To put a number on that, Cameco's market cap is $3.75 billion. Its pure-play peers include Uranium Energy Corp. and Energy Fuels Inc, with market caps of $220 million and $130 million, respectively. These tiny players simply don't have the same scale or reach as Cameco. And then there's $300 million market cap Denison Mines (NYSEMKT:DNN), which is building a uranium mine, but doesn't actually have a mine in operation today. So if you are looking for a direct way to play uranium, Cameco is the cleanest option.
It's also the strongest financially, which is important today. Denison Mines is burning through cash as it builds its Wheeler River project. Since the mine isn't expected to be up and running until 2025, the red ink will likely last a long time yet. Energy Fuels, meanwhile, has made money only once in the past decade. Uranium Energy has lost money every year over that span. That's a troubling trend given that uranium spot prices were much higher a few years ago then they are today.
While Cameco's earnings dipped into the red in 2016, and look likely to do so again in 2017, it remained in the black between 2007 and 2015. That's largely because it makes use of long-term contracts that allow it to charge higher than spot prices for the uranium it sells, protecting it, somewhat, from the commodity downturn. Those contracts will only last so long, but it has an important buffer against low uranium prices. Its efforts to adjust to the changing uranium market, including the costs of shutting mines, have been a driving force in the losses it has recently experienced.
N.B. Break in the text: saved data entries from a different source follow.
lemma x_lt_y: "x n < y n"
  using \<alpha>_pos by (simp add: y_pt_def)

lemma x_Suc_eq: "x (Suc n) = y n + \<beta> ^ (Suc n + l)"
  by (simp add: x_pt_def y_pt_def)

lemma y_lt_x_Suc: "y n < x (Suc n)"
  using \<alpha>_pos \<alpha>_less_\<beta> by (simp add: x_Suc_eq)

lemma x_mono: "n \<le> k \<Longrightarrow> x n \<le> x k"
  by (induction k rule: dec_induct)
    (auto intro: order_trans less_imp_le less_trans[OF x_lt_y y_lt_x_Suc])

lemma y_mono: "n \<le> k \<Longrightarrow> y n \<le> y k"
  by (induction k rule: dec_induct)
    (auto intro: order_trans less_imp_le less_trans[OF y_lt_x_Suc x_lt_y])

lemma delta_le_y: "\<delta> \<le> y n"
  using x_mono[of 0 n] x_lt_y[of n] by (simp add: x_pt_def)

lemma sums_tail: "(\<lambda>i. \<alpha> ^ (Suc (i + n) + l) + \<beta> ^ (Suc (i + n) + l)) sums (a - x n)"
proof -
  have "(\<Sum>i<n. \<alpha> ^ (Suc i + l) + \<beta> ^ (Suc i + l)) = x n - \<delta>"
    unfolding x_pt_def by (simp add: sum.atLeast1_atMost_eq)
  then show ?thesis using sums_split_initial_segment[OF sums, of n] by simp
qed

lemma x_less_a: "x n < a"
proof -
  have "0 < (\<Sum>i. \<alpha> ^ (Suc (i + n) + l) + \<beta> ^ (Suc (i + n) + l))"
    using \<alpha>_pos \<alpha>_less_\<beta> sums_tail[of n]
    by (intro suminf_pos) (auto simp: sums_iff intro!: add_pos_pos)
  then show ?thesis using sums_tail[of n] by (simp add: sums_iff)
qed

text \<open>The tail of the series is dominated by twice the geometric series of \<open>\<beta>\<close>.\<close>

lemma a_minus_y_le: "a - y n \<le> 2 * \<beta> ^ (Suc n + l) / (1 - \<beta>)"
proof -
  have geom: "(\<lambda>i. 2 * \<beta> ^ (Suc n + l) * \<beta> ^ i) sums (2 * \<beta> ^ (Suc n + l) * (1 / (1 - \<beta>)))"
    using \<beta>_less_1 \<alpha>_pos \<alpha>_less_\<beta> by (intro sums_mult geometric_sums) auto
  have "\<alpha> ^ (Suc (i + n) + l) + \<beta> ^ (Suc (i + n) + l) \<le> 2 * \<beta> ^ (Suc n + l) * \<beta> ^ i" for i
  proof -
    have "\<alpha> ^ (Suc (i + n) + l) \<le> \<beta> ^ (Suc (i + n) + l)"
      using \<alpha>_pos \<alpha>_less_\<beta> by (intro power_mono) auto
    then show ?thesis by (simp add: power_add[symmetric] algebra_simps)
  qed
  then have "a - x n \<le> 2 * \<beta> ^ (Suc n + l) * (1 / (1 - \<beta>))"
    by (rule sums_le[OF _ sums_tail geom])
  then show ?thesis using x_lt_y[of n] by simp
qed

lemma tilde_m_left_eq:
  assumes "y k \<le> r" "r < x (Suc k)"
  shows "tilde_m_left \<delta> h \<alpha> \<beta> \<nu> l r = \<nu> * h ^ k"
proof -
  have not_neg: "\<not> (x n \<le> r \<and> r < y n)" for n
    using y_mono[of n k] x_mono[of "Suc k" n] assms by (cases "n \<le> k") auto
  have pos: "y n \<le> r \<and> r < x (Suc n) \<longleftrightarrow> n = k" for n
  proof -
    have "\<not> (y n \<le> r \<and> r < x (Suc n))" if "n < k"
      using x_mono[of "Suc n" k] x_lt_y[of k] assms that by simp
    moreover have "\<not> (y n \<le> r \<and> r < x (Suc n))" if "k < n"
      using y_mono[of "Suc k" n] x_lt_y[of "Suc k"] assms that by simp
    ultimately show ?thesis using assms by (cases n k rule: linorder_cases) auto
  qed
  then have "(SOME n. y n \<le> r \<and> r < x (Suc n)) = k" by simp
  then show ?thesis unfolding tilde_m_left_def using not_neg pos by auto
qed

lemma tilde_m_left_ge:
  assumes "y k \<le> r" "0 < h" "h < 1" "0 \<le> \<nu>"
  shows "- (h ^ Suc k) \<le> tilde_m_left \<delta> h \<alpha> \<beta> \<nu> l r"
proof (cases "\<exists>n. x n \<le> r \<and> r < y n")
  case True
  define n where "n = (SOME n. x n \<le> r \<and> r < y n)"
  have "x n \<le> r \<and> r < y n" unfolding n_def using True by (rule someI_ex)
  then have "Suc k \<le> n" using y_mono[of n k] assms(1) by (cases "Suc k \<le> n") auto
  then have "h ^ n \<le> h ^ Suc k" using assms by (intro power_decreasing) auto
  then show ?thesis unfolding tilde_m_left_def using True n_def by simp
next
  case False
  then show ?thesis unfolding tilde_m_left_def using assms
    by (auto intro: order_trans[of _ 0])
qed

end

lemma exists_crossing_index:
  fixes h \<mu> s :: real and K :: nat
  assumes h: "0 < h" "h < 1" and \<mu>: "0 < \<mu>" and K: "\<mu> * K < 2 * s * h ^ K"
  shows "\<exists>j\<ge>K. \<mu> * j < 2 * s * h ^ j \<and> 2 * s * h ^ Suc j \<le> \<mu> * Suc j"
proof -
  define P where "P i \<longleftrightarrow> 2 * s * h ^ (K + i) \<le> \<mu> * (K + i)" for i
  have "0 < 2 * s * h ^ K" using K \<mu> by (smt (verit) of_nat_0_le_iff mult_nonneg_nonneg)
  then have "0 < s" using h by (simp add: zero_less_mult_iff)
  obtain n :: nat where n: "2 * s / \<mu> \<le> n" using real_arch_simple by blast
  have "2 * s * h ^ (K + n) \<le> 2 * s" using \<open>0 < s\<close> h by (simp add: power_le_one)
  also have "\<dots> \<le> \<mu> * n" using n \<mu> by (simp add: field_simps)
  also have "\<dots> \<le> \<mu> * (K + n)" using \<mu> by simp
  finally have "P n" unfolding P_def by simp
  moreover have "\<not> P 0" using K unfolding P_def by simp
  ultimately obtain i where "\<not> P i" "P (Suc i)" using ex_least_nat_less[of P n] by blast
  then show ?thesis unfolding P_def by (intro exI[of _ "K + i"]) (auto simp: algebra_simps)
qed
But that's an issue of preparing for the worst-case scenario. When the uranium market finally turns higher again, Cameco will be ready to take advantage of the upturn. That's partly because it's backed by a rock-solid balance sheet: the company's current ratio, a measure of its ability to pay near-term bills, is an impressive 5.4 times. And long-term debt only makes up around 25% of the capital structure. Financially speaking, Cameco is well prepared for bad times, and ready to bring production back online when things start to look up again.
Only one option
You could buy a smaller miner than Cameco that struggled to turn a profit even when uranium prices were higher, or one that's burning cash to build its first mine. But those are unnecessary risks taking. And owning shares in a giant diversified miner like Rio Tinto doesn't provide material exposure to uranium. The combination of focus, financial strength, and business model really make Cameco the best option for investing in the troubled uranium market today, assuming that you have the stomach to wait for the next industry upturn -- which is hard to predict, even though new nuclear power plants are being built and giants like Cameco are taking the steps (like cutting production) to help get supply and demand back in balance.